§ **Work required**
Search the records for lines that contain the word "lemma". Copy them all.

====== Material provided

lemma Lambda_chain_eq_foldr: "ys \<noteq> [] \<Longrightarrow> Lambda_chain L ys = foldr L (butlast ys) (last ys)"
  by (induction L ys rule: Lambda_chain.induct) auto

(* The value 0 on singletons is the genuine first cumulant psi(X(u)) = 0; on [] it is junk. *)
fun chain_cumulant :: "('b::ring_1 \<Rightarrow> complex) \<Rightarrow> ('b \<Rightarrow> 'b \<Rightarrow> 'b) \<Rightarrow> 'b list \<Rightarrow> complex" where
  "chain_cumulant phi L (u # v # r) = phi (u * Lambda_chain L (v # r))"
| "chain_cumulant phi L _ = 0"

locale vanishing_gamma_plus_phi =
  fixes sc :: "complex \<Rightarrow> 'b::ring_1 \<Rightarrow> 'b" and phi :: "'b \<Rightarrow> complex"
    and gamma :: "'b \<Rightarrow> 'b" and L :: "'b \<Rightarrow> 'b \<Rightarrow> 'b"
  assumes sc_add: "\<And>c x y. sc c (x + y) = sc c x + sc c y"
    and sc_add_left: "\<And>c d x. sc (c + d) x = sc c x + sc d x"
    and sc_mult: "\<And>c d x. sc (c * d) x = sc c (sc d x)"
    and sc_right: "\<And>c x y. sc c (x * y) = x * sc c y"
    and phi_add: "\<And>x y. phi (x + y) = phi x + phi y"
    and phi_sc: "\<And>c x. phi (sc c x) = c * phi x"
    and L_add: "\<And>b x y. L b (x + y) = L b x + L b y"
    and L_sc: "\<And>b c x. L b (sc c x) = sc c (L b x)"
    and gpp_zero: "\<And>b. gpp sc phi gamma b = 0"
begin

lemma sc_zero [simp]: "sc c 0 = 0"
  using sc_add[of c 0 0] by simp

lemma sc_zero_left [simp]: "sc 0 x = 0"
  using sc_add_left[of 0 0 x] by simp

============

§ **Response below**
lemma Lambda_chain_eq_foldr: "ys \<noteq> [] \<Longrightarrow> Lambda_chain L ys = foldr L (butlast ys) (last ys)"
lemma sc_zero [simp]: "sc c 0 = 0"
lemma sc_zero_left [simp]: "sc 0 x = 0"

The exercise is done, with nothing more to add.